(Work instruction)
Looking at the listing below, work out the number of lines where the string "intro" shows up, and give that number only.
**** Given entries ****
lemma dens_measurable [measurable]: "dens \<in> borel_measurable borel"
proof -
  define c where "c j = muIb (Suc j) / (1 / 2) ^ Suc j" for j
  have "dens x = (if x < 0 \<or> 1 \<le> x then 1 else if x = 0 then 0
                  else \<Sum>j. c j * indicator (Ikb (Suc j)) x)" for x
  proof -
    have "dens x = (\<Sum>j. c j * indicator (Ikb (Suc j)) x)" if x: "0 < x" "x < 1"
    proof -
      obtain j where j: "0 < j" "x \<in> Ikb j" by (rule Ikb_exists[of x 0]) (use x in simp_all)
      then obtain i where i: "j = Suc i" by (cases j) auto
      have "(\<Sum>j. c j * indicator (Ikb (Suc j)) x) = (\<Sum>j\<in>{i}. c j * indicator (Ikb (Suc j)) x)"
        by (rule suminf_finite) (use j i Ikb_unique[of _ "Suc i" x] in \<open>auto simp: indicator_def\<close>)
      then show ?thesis using dens_Ikb[of j x] j i by (simp add: c_def)
    qed
    then show ?thesis by (auto simp: dens_def)
  qed
  then have "dens = (\<lambda>x. if x < 0 \<or> 1 \<le> x then 1 else if x = 0 then 0
                        else \<Sum>j. c j * indicator (Ikb (Suc j)) x)"
    by (rule ext)
  also have "\<dots> \<in> borel_measurable borel" by measurable
  finally show ?thesis .
qed

lemma emeasure_mu: "A \<in> sets borel \<Longrightarrow> emeasure mu A = (\<integral>\<^sup>+x. ennreal (dens x) * indicator A x \<partial>lborel)"
  unfolding mu_def by (subst emeasure_density) (auto simp: mult.commute)

lemma emeasure_mu_Ikb: assumes "1 \<le> j" shows "emeasure mu (Ikb j) = muIb j"
proof -
  have "emeasure mu (Ikb j) = (\<integral>\<^sup>+x. ennreal (muIb j / (1 / 2) ^ j) * indicator (Ikb j) x \<partial>lborel)"
    unfolding emeasure_mu[OF Ikb_borel]
    by (rule nn_integral_cong) (use dens_Ikb[OF assms] in \<open>auto simp: indicator_def\<close>)
  also have "\<dots> = ennreal (muIb j / (1 / 2) ^ j) * emeasure lborel (Ikb j)"
    by (rule nn_integral_cmult_indicator) simp
  also have "emeasure lborel (Ikb j) = ennreal ((1 / 2) ^ (j - 1) - (1 / 2) ^ j)"
    unfolding Ikb_def by (rule emeasure_lborel_Ico) (rule power_decreasing, auto)
  also have "ennreal (muIb j / (1 / 2) ^ j) * \<dots> = ennreal (muIb j / (1 / 2) ^ j * ((1 / 2) ^ (j - 1) - (1 / 2) ^ j))"
    by (rule ennreal_mult''[symmetric]) (use muIb_nonneg[of j] in simp)
  also have "muIb j / (1 / 2) ^ j * ((1 / 2) ^ (j - 1) - (1 / 2) ^ j) = muIb j"
    using assms by (cases j) (simp_all add: field_simps)
  finally show ?thesis .
qed

lemma null_sets_mu_0: "{0} \<in> null_sets mu"
proof -
  have "\<And>x. ennreal (dens x) * indicator {0} x = 0" by (auto simp: dens_def indicator_def)
  then show ?thesis by (simp add: null_sets_def emeasure_mu)
qed

lemma AE_mu_nonzero: "AE x in mu. x \<noteq> 0"
  by (rule AE_I'[OF null_sets_mu_0]) auto

lemma Ik_eq_Un_Ikb: "Ik k = {0} \<union> (\<Union>j. Ikb (Suc (j + k)))"
proof (intro equalityI subsetI)
  fix x assume x: "x \<in> Ik k"
  show "x \<in> {0} \<union> (\<Union>j. Ikb (Suc (j + k)))"
  proof (cases "x = 0")
    case False
    with x obtain j where "k < j" "x \<in> Ikb j" using Ikb_exists[of x k] unfolding Ik_def by auto
    then have "x \<in> Ikb (Suc ((j - Suc k) + k))" by (simp add: Suc_diff_Suc)
    then show ?thesis by blast
  qed simp
next
  fix x assume "x \<in> {0} \<union> (\<Union>j. Ikb (Suc (j + k)))"
  then consider "x = 0" | j where "x \<in> Ikb (Suc (j + k))" by blast
  then show "x \<in> Ik k"
  proof cases
    case 2
    have "((1::real) / 2) ^ (j + k) \<le> (1 / 2) ^ k" by (rule power_decreasing) auto
    moreover have "x < (1 / 2) ^ (j + k)" "0 < x" using 2 Ikb_in_unit_interval[of "Suc (j + k)" x] unfolding Ikb_def by auto
    ultimately have "x < (1 / 2) ^ k" by linarith
    with \<open>0 < x\<close> show ?thesis unfolding Ik_def by simp
  qed (simp add: Ik_def)
qed

lemma emeasure_mu_Ik: "emeasure mu (Ik k) = muI k"
proof -
  have disj: "disjoint_family (\<lambda>j. Ikb (Suc (j + k)))"
    unfolding disjoint_family_on_def using Ikb_unique by fastforce
  have "(\<lambda>n. 1 / (2 * real (n + k))) \<longlonglongrightarrow> 0" by real_asymp
  moreover have "eventually (\<lambda>n. 1 / (2 * real (n + k)) = muI (n + k)) sequentially"
    using eventually_ge_at_top[of 1] by eventually_elim (simp add: muI_eq)
  ultimately have "(\<lambda>n. muI (n + k)) \<longlonglongrightarrow> 0" by (rule Lim_transform_eventually)
  from telescope_sums'[OF this] have sums: "(\<lambda>j. muIb (Suc (j + k))) sums muI k"
    by (simp add: muIb_Suc)
  have "emeasure mu (Ik k) = emeasure mu {0} + emeasure mu (\<Union>j. Ikb (Suc (j + k)))"
    unfolding Ik_eq_Un_Ikb by (rule plus_emeasure[symmetric]) (use Ikb_in_unit_interval in auto)
  also have "\<dots> = (\<Sum>j. emeasure mu (Ikb (Suc (j + k))))"
  proof -
    have "range (\<lambda>j. Ikb (Suc (j + k))) \<subseteq> sets mu" by auto
    from suminf_emeasure[OF this disj] show ?thesis by (simp add: null_setsD1[OF null_sets_mu_0])
  qed
  also have "\<dots> = (\<Sum>j. ennreal (muIb (Suc (j + k))))"
    by (simp add: emeasure_mu_Ikb)
  also have "\<dots> = ennreal (muI k)"
    using suminf_ennreal2[OF muIb_nonneg sums_summable[OF sums]] sums_unique[OF sums] by simp
  finally show ?thesis .
qed

lemma measure_mu_Ik_Suc: "measure mu (Ik (Suc k)) = 1 / (2 * (real k + 1))"
  using emeasure_mu_Ik[of "Suc k"] muI_eq[of "Suc k"] by (simp add: measure_def)

lemma measure_mu_Ik_Suc_Suc: "measure mu (Ik (Suc (Suc k))) = 1 / (2 * (real k + 2))"
  using measure_mu_Ik_Suc[of "Suc k"] by simp

lemma measure_mu_Ikb_Suc_Suc: "measure mu (Ikb (Suc (Suc k))) = 1 / (2 * (real k + 1) * (real k + 2))"
  using emeasure_mu_Ikb[of "Suc (Suc k)"] muIb_Suc_Suc[of k] by (simp add: measure_def)

lemma integrable_mu_Ik: "integrable mu (indicator (Ik k) :: real \<Rightarrow> real)"
  by (simp add: emeasure_mu_Ik)

lemma integrable_mu_Ikb: "1 \<le> j \<Longrightarrow> integrable mu (indicator (Ikb j) :: real \<Rightarrow> real)"
  by (simp add: emeasure_mu_Ikb)

lemma two_mult_Suc_le_power: "(k + 1) * (k + 2) \<le> (2::nat) ^ (k + 2)"
proof (induction k)
  case (Suc k)
  have "k + 1 < 2 ^ (k + 1)" using less_exp[of "k + 1"] by simp
  with Suc show ?case by (simp add: algebra_simps)
qed simp

lemma dens_ge_half: assumes "x \<noteq> 0" shows "1 / 2 \<le> dens x"
proof (cases "x < 0 \<or> 1 \<le> x")
  case False
  with assms have "0 < x" "x < (1 / 2) ^ 0" by auto
  then obtain j where j: "0 < j" "x \<in> Ikb j" by (rule Ikb_exists)
  show ?thesis
  proof (cases "j = 1")
    case True
    with dens_Ikb[of j x] j show ?thesis by simp
  next
    case False
    define k where "k = j - 2"
    have k: "j = Suc (Suc k)" using j False unfolding k_def by arith
    have "real ((k + 1) * (k + 2)) \<le> real (2 ^ (k + 2))"
      using two_mult_Suc_le_power[of k] by (simp only: of_nat_le_iff)
    then have "(real k + 1) * (real k + 2) \<le> 2 ^ (k + 2)"
      by (simp only: of_nat_mult of_nat_add of_nat_1 of_nat_numeral of_nat_power)
    then have "1 / 2 \<le> 2 ^ (k + 2) / (2 * ((real k + 1) * (real k + 2)))"
      by (simp add: le_divide_eq)
    also have "\<dots> = 2 ^ (k + 2) / (2 * (real k + 1) * (real k + 2))"
      by (simp only: mult.assoc)
    also have "\<dots> = dens x"
      using dens_Ikb[of j x] j unfolding k muIb_Suc_Suc by (simp add: power_one_over divide_simps)
    finally show ?thesis .
  qed
qed (simp add: dens_outside)

lemma emeasure_mu_ge_lborel:
  assumes "A \<in> sets borel" shows "ennreal (1 / 2) * emeasure lborel A \<le> emeasure mu A"
proof -
  have "ennreal (1 / 2) * emeasure lborel A = (\<integral>\<^sup>+x. ennreal (1 / 2) * indicator A x \<partial>lborel)"
    using assms by (simp add: nn_integral_cmult_indicator)
  also have "\<dots> \<le> (\<integral>\<^sup>+x. ennreal (dens x) * indicator A x \<partial>lborel)"
  proof (rule nn_integral_mono_AE)
    show "AE x in lborel. ennreal (1 / 2) * indicator A x \<le> ennreal (dens x) * indicator A x"
      using AE_lborel_singleton[of 0]
      by eventually_elim (intro mult_right_mono ennreal_leI dens_ge_half, auto)
  qed
  also have "\<dots> = emeasure mu A" using emeasure_mu[OF assms] by simp
  finally show ?thesis .
qed

lemma emeasure_mu_le_lborel:
  assumes "A \<in> sets borel" shows "emeasure mu A \<le> 1 + emeasure lborel A"
proof -
  have "emeasure mu A \<le> emeasure mu (Ik 0 \<union> (A - Ik 0))"
    by (rule emeasure_mono) (use assms in auto)
  also have "\<dots> \<le> emeasure mu (Ik 0) + emeasure mu (A - Ik 0)"
    by (rule emeasure_subadditive) (use assms in auto)
  also have "emeasure mu (Ik 0) = 1" by (simp add: emeasure_mu_Ik)
  also have "emeasure mu (A - Ik 0) = emeasure lborel (A - Ik 0)"
  proof -
    have "emeasure mu (A - Ik 0) = (\<integral>\<^sup>+x. ennreal (dens x) * indicator (A - Ik 0) x \<partial>lborel)"
      by (rule emeasure_mu) (use assms in auto)
    also have "\<dots> = (\<integral>\<^sup>+x. indicator (A - Ik 0) x \<partial>lborel)"
      by (rule nn_integral_cong) (auto simp: indicator_def Ik_def dens_outside)
    finally show ?thesis using assms by simp
  qed
  also have "emeasure lborel (A - Ik 0) \<le> emeasure lborel A"
    by (rule emeasure_mono) (use assms in auto)
  finally show ?thesis by (simp add: add_left_mono)
qed

lemma emeasure_mu_dcube_pos: "0 < emeasure mu (dcube m J)"
proof -
  have "0 < ennreal (1 / 2) * ennreal (2 powr of_int m)"
    by (auto simp: ennreal_zero_less_mult_iff ennreal_inverse_positive)
  also have "\<dots> \<le> emeasure mu (dcube m J)"
    using emeasure_mu_ge_lborel[of "dcube m J"] by (simp add: emeasure_lborel_dcube)
  finally show ?thesis .
qed

lemma emeasure_mu_dcube_finite: "emeasure mu (dcube m J) < \<infinity>"
proof -
  have "emeasure mu (dcube m J) \<le> 1 + ennreal (2 powr of_int m)"
    using emeasure_mu_le_lborel[of "dcube m J"] by (simp add: emeasure_lborel_dcube)
  also have "\<dots> < \<infinity>" by (simp add: less_top)
  finally show ?thesis .
qed

lemma measure_mu_dcube_pos: "0 < measure mu (dcube m J)"
  using emeasure_mu_dcube_pos emeasure_mu_dcube_finite
  by (simp add: measure_def enn2real_positive_iff)
locale three_transversal = codegree3_intersecting +
  fixes U :: "'a set"
  assumes transversal_U: "transversal H U" and card_U: "card U = 3"
begin

definition cores :: "'a set set" where
  "cores = {R. R \<inter> U = {} \<and> (\<forall>u\<in>U. insert u R \<in> H)}"

definition core_edges :: "'a set \<Rightarrow> 'a set set" where
  "core_edges R = (\<lambda>u. insert u R) ` U \<union> (\<lambda>(u, x). (R - {x}) \<union> (U - {u})) ` (U \<times> R)"

lemma finite_U: "finite U"
  using card_U card.infinite by fastforce

lemma U_eq:
  obtains a b c where "U = {a, b, c}" "a \<noteq> b" "b \<noteq> c" "a \<noteq> c"
  using card_U by (metis card_3_iff)

lemma U_subset: "U \<subseteq> V"
proof -
  have "transversal H (U \<inter> V)"
    using transversal_U edge_subset unfolding transversal_def by blast
  then have "3 \<le> card (U \<inter> V)" using finite_U by (intro card_transversal_ge_3) auto
  then have "U \<inter> V = U" using card_U finite_U by (intro card_seteq) auto
  then show ?thesis by blast
qed

lemma edge_meets_U: "E \<in> H \<Longrightarrow> E \<inter> U \<noteq> {}"
  using transversal_U by (auto simp: transversal_def)

lemma Diff_singleton_in_cores:
  assumes E: "E \<in> H" and u: "E \<inter> U = {u}"
  shows "E - {u} \<in> cores"
proof -
  have "u \<in> E" using u by blast
  then have "card (E - {u}) = r - 1" using card_edge[OF E] finite_edge[OF E] by simp
  then have "3 \<le> card (link H (E - {u}))" using E by (intro card_link_ge_3) auto
  moreover have "link H (E - {u}) \<subseteq> U" using u by (intro link_subset_transversal transversal_U) blast
  ultimately have "link H (E - {u}) = U" using card_U finite_U by (intro card_seteq) auto
  with u show ?thesis unfolding cores_def link_def by blast
qed

lemma core_disjoint: "R \<in> cores \<Longrightarrow> R \<inter> U = {}"
  and core_insert_edge: "R \<in> cores \<Longrightarrow> u \<in> U \<Longrightarrow> insert u R \<in> H"
  by (auto simp: cores_def)

lemma cores_uniform: "uniform_hypergraph V (r - 1) cores"
  unfolding uniform_hypergraph_def
proof
  fix R assume R: "R \<in> cores"
  obtain u where u: "u \<in> U" using U_eq by blast
  then have "insert u R \<in> H" "u \<notin> R" using R by (auto simp: cores_def)
  then show "R \<subseteq> V \<and> card R = r - 1"
    using edge_subset card_edge finite_edge by fastforce
qed

lemma card_core: "R \<in> cores \<Longrightarrow> card R = r - 1"
  and core_subset: "R \<in> cores \<Longrightarrow> R \<subseteq> V"
  using cores_uniform by (auto simp: uniform_hypergraph_def)

lemma finite_core: "R \<in> cores \<Longrightarrow> finite R"
  using core_subset finite_V finite_subset by blast

lemma finite_cores: "finite cores"
  using finite_V cores_uniform by (rule uniform_hypergraph_finite)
****
(Solved problem)
7